BRIEF: Each entry here needs to be given again exactly.
Start of EXERCISE INPUT
lemma permmat_mult_index:
  fixes R :: "'a :: semiring_1 mat"
  assumes \<sigma>: "\<sigma> permutes {..<m}" and R: "R \<in> carrier_mat m n" and i: "i < m" and j: "j < n"
  shows "(permmat m \<sigma> * R) $$ (\<sigma> i, j) = R $$ (i, j)"
proof -
  have "\<sigma> i < m"
    using permutes_in_image[OF \<sigma>] i by auto
  then have "(permmat m \<sigma> * R) $$ (\<sigma> i, j) = (\<Sum>l<m. (if \<sigma> i = \<sigma> l then 1 else 0) * R $$ (l, j))"
    using R j by (auto simp: scalar_prod_def permmat_def intro!: sum.reindex_bij_witness[of _ id id])
  also have "\<dots> = (\<Sum>l<m. if l = i then R $$ (l, j) else 0)"
    using permutes_inj[OF \<sigma>] by (intro sum.cong) (auto dest: injD)
  also have "\<dots> = R $$ (i, j)"
    using i by simp
  finally show ?thesis .
qed

lemma mult_permmat_index:
  fixes R :: "'a :: semiring_1 mat"
  assumes \<tau>: "\<tau> permutes {..<n}" and R: "R \<in> carrier_mat m n" and k: "k < m" and j: "j < n"
  shows "(R * permmat n \<tau>) $$ (k, j) = R $$ (k, \<tau> j)"
proof -
  have "(R * permmat n \<tau>) $$ (k, j) = (\<Sum>l<n. R $$ (k, l) * (if l = \<tau> j then 1 else 0))"
    using R k j by (auto simp: scalar_prod_def permmat_def intro!: sum.reindex_bij_witness[of _ id id])
  also have "\<dots> = (\<Sum>l<n. if l = \<tau> j then R $$ (k, l) else 0)"
    by (intro sum.cong) auto
  also have "\<dots> = R $$ (k, \<tau> j)"
    using permutes_in_image[OF \<tau>] j by auto
  finally show ?thesis .
qed

section \<open>Empty arrays and zero 1-morphisms of \<open>2Mat\<^sub>\<complex>\<close>\<close>

lemma col_zero_mat: "j < n \<Longrightarrow> col (0\<^sub>m m n :: 'a :: zero mat) j = 0\<^sub>v m"
  by (intro eq_vecI) auto

abbreviation zero_mor1 :: "nat \<Rightarrow> nat \<Rightarrow> mor1" where
  "zero_mor1 n' n \<equiv> (0\<^sub>m n' n, \<lambda>_ _. 1\<^sub>m 0)"

abbreviation empty_arr :: arr where
  "empty_arr \<equiv> \<lambda>_ _. 0\<^sub>m 0 0"

lemma is_1mor_zero_mor1: "is_1mor n n' (zero_mor1 n' n)"
proof -
  have "invertible_mat (1\<^sub>m 0 :: complex mat)"
    unfolding invertible_mat_def inverts_mat_def square_mat.simps
    by (intro conjI exI[of _ "1\<^sub>m 0"]) simp_all
  then show ?thesis
    by (simp add: is_1mor_def)
qed

lemma is_1mor_zero_gauge:
  assumes f: "is_1mor n n' (0\<^sub>m n' n, s)"
  shows "s = (\<lambda>_ _. 1\<^sub>m 0)"
proof (intro ext)
  fix i a
  show "s i a = 1\<^sub>m 0"
  proof (cases "i < n' \<and> a \<in> carrier_vec n")
    case True
    then have "s i a \<in> carrier_mat ((0\<^sub>m n' n *\<^sub>v a) $ i) ((0\<^sub>m n' n *\<^sub>v a) $ i)"
      using f unfolding is_1mor_def by auto
    moreover have "(0\<^sub>m n' n *\<^sub>v a) $ i = 0"
      using True by simp
    ultimately show ?thesis
      by (intro carrier_mat_0_0_eq) auto
  next
    case False
    then show ?thesis
      using f unfolding is_1mor_def by auto
  qed
qed

lemma is_2mor_zero_iff: "is_2mor m n (0\<^sub>m m n) (0\<^sub>m m n) T \<longleftrightarrow> T = empty_arr"
  unfolding is_2mor_def by (fastforce intro: carrier_mat_0_0_eq)

lemma inv2_empty_arr: "inv2 m n (0\<^sub>m m n) (0\<^sub>m m n) empty_arr"
proof -
  have "vcomp empty_arr empty_arr = id2 (0\<^sub>m m n :: nat mat)"
    unfolding vcomp_def id2_def by (intro ext carrier_mat_0_0_eq) auto
  then show ?thesis
    unfolding inv2_def using is_2mor_zero_iff by blast
qed

lemma Supp_empty_imp_zero: "R \<in> carrier_mat m n \<Longrightarrow> Supp R = {} \<Longrightarrow> R = 0\<^sub>m m n"
  unfolding Supp_def by (intro eq_matI) auto

lemma empty_arrI: "(\<And>k j. dim_row (T k j) = 0) \<Longrightarrow> (\<And>k j. dim_col (T k j) = 0) \<Longrightarrow> T = empty_arr"
  by (intro ext carrier_mat_0_0_eq) auto

lemma vcomp_dims [simp]:
  "dim_row (vcomp T U k j) = dim_row (T k j)" "dim_col (vcomp T U k j) = dim_col (U k j)"
  by (simp_all add: vcomp_def)

lemma vcomp_eq_empty_arr:
  "(\<And>k j. dim_row (T k j) = 0) \<Longrightarrow> (\<And>k j. dim_col (U k j) = 0) \<Longrightarrow> vcomp T U = empty_arr"
  by (rule empty_arrI) simp_all

lemma dim_row_hcomp_eq_0:
  assumes "\<And>k j. k < dim_row (fst ft) \<Longrightarrow> j < dim_col (fst f) \<Longrightarrow> snd ft' k (col (fst f') j) \<in> carrier_mat 0 0"
  shows "dim_row (hcomp ft ft' f f' Tt T k j) = 0"
proof (cases "k < dim_row (fst ft) \<and> j < dim_col (fst f)")
  case True
  then show ?thesis
    using assms unfolding hcomp_def by (simp only: if_P[OF True] index_mult_mat(2)) auto
next
  case False
  then show ?thesis
    unfolding hcomp_def by (simp only: if_not_P[OF False]) simp
qed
End of EXERCISE INPUT
YOUR SOLUTION:
lemma permmat_mult_index:
  fixes R :: "'a :: semiring_1 mat"
  assumes \<sigma>: "\<sigma> permutes {..<m}" and R: "R \<in> carrier_mat m n" and i: "i < m" and j: "j < n"
  shows "(permmat m \<sigma> * R) $$ (\<sigma> i, j) = R $$ (i, j)"
proof -
  have "\<sigma> i < m"
    using permutes_in_image[OF \<sigma>] i by auto
  then have "(permmat m \<sigma> * R) $$ (\<sigma> i, j) = (\<Sum>l<m. (if \<sigma> i = \<sigma> l then 1 else 0) * R $$ (l, j))"
    using R j by (auto simp: scalar_prod_def permmat_def intro!: sum.reindex_bij_witness[of _ id id])
  also have "\<dots> = (\<Sum>l<m. if l = i then R $$ (l, j) else 0)"
    using permutes_inj[OF \<sigma>] by (intro sum.cong) (auto dest: injD)
  also have "\<dots> = R $$ (i, j)"
    using i by simp
  finally show ?thesis .
qed

lemma mult_permmat_index:
  fixes R :: "'a :: semiring_1 mat"
  assumes \<tau>: "\<tau> permutes {..<n}" and R: "R \<in> carrier_mat m n" and k: "k < m" and j: "j < n"
  shows "(R * permmat n \<tau>) $$ (k, j) = R $$ (k, \<tau> j)"
proof -
  have "(R * permmat n \<tau>) $$ (k, j) = (\<Sum>l<n. R $$ (k, l) * (if l = \<tau> j then 1 else 0))"
    using R k j by (auto simp: scalar_prod_def permmat_def intro!: sum.reindex_bij_witness[of _ id id])
  also have "\<dots> = (\<Sum>l<n. if l = \<tau> j then R $$ (k, l) else 0)"
    by (intro sum.cong) auto
  also have "\<dots> = R $$ (k, \<tau> j)"
    using permutes_in_image[OF \<tau>] j by auto
  finally show ?thesis .
qed

section \<open>Empty arrays and zero 1-morphisms of \<open>2Mat\<^sub>\<complex>\<close>\<close>

lemma col_zero_mat: "j < n \<Longrightarrow> col (0\<^sub>m m n :: 'a :: zero mat) j = 0\<^sub>v m"
  by (intro eq_vecI) auto

abbreviation zero_mor1 :: "nat \<Rightarrow> nat \<Rightarrow> mor1" where
  "zero_mor1 n' n \<equiv> (0\<^sub>m n' n, \<lambda>_ _. 1\<^sub>m 0)"

abbreviation empty_arr :: arr where
  "empty_arr \<equiv> \<lambda>_ _. 0\<^sub>m 0 0"

lemma is_1mor_zero_mor1: "is_1mor n n' (zero_mor1 n' n)"
proof -
  have "invertible_mat (1\<^sub>m 0 :: complex mat)"
    unfolding invertible_mat_def inverts_mat_def square_mat.simps
    by (intro conjI exI[of _ "1\<^sub>m 0"]) simp_all
  then show ?thesis
    by (simp add: is_1mor_def)
qed

lemma is_1mor_zero_gauge:
  assumes f: "is_1mor n n' (0\<^sub>m n' n, s)"
  shows "s = (\<lambda>_ _. 1\<^sub>m 0)"
proof (intro ext)
  fix i a
  show "s i a = 1\<^sub>m 0"
  proof (cases "i < n' \<and> a \<in> carrier_vec n")
    case True
    then have "s i a \<in> carrier_mat ((0\<^sub>m n' n *\<^sub>v a) $ i) ((0\<^sub>m n' n *\<^sub>v a) $ i)"
      using f unfolding is_1mor_def by auto
    moreover have "(0\<^sub>m n' n *\<^sub>v a) $ i = 0"
      using True by simp
    ultimately show ?thesis
      by (intro carrier_mat_0_0_eq) auto
  next
    case False
    then show ?thesis
      using f unfolding is_1mor_def by auto
  qed
qed

lemma is_2mor_zero_iff: "is_2mor m n (0\<^sub>m m n) (0\<^sub>m m n) T \<longleftrightarrow> T = empty_arr"
  unfolding is_2mor_def by (fastforce intro: carrier_mat_0_0_eq)

lemma inv2_empty_arr: "inv2 m n (0\<^sub>m m n) (0\<^sub>m m n) empty_arr"
proof -
  have "vcomp empty_arr empty_arr = id2 (0\<^sub>m m n :: nat mat)"
    unfolding vcomp_def id2_def by (intro ext carrier_mat_0_0_eq) auto
  then show ?thesis
    unfolding inv2_def using is_2mor_zero_iff by blast
qed

lemma Supp_empty_imp_zero: "R \<in> carrier_mat m n \<Longrightarrow> Supp R = {} \<Longrightarrow> R = 0\<^sub>m m n"
  unfolding Supp_def by (intro eq_matI) auto

lemma empty_arrI: "(\<And>k j. dim_row (T k j) = 0) \<Longrightarrow> (\<And>k j. dim_col (T k j) = 0) \<Longrightarrow> T = empty_arr"
  by (intro ext carrier_mat_0_0_eq) auto

lemma vcomp_dims [simp]:
  "dim_row (vcomp T U k j) = dim_row (T k j)" "dim_col (vcomp T U k j) = dim_col (U k j)"
  by (simp_all add: vcomp_def)

lemma vcomp_eq_empty_arr:
  "(\<And>k j. dim_row (T k j) = 0) \<Longrightarrow> (\<And>k j. dim_col (U k j) = 0) \<Longrightarrow> vcomp T U = empty_arr"
  by (rule empty_arrI) simp_all

lemma dim_row_hcomp_eq_0:
  assumes "\<And>k j. k < dim_row (fst ft) \<Longrightarrow> j < dim_col (fst f) \<Longrightarrow> snd ft' k (col (fst f') j) \<in> carrier_mat 0 0"
  shows "dim_row (hcomp ft ft' f f' Tt T k j) = 0"
proof (cases "k < dim_row (fst ft) \<and> j < dim_col (fst f)")
  case True
  then show ?thesis
    using assms unfolding hcomp_def by (simp only: if_P[OF True] index_mult_mat(2)) auto
next
  case False
  then show ?thesis
    unfolding hcomp_def by (simp only: if_not_P[OF False]) simp
qed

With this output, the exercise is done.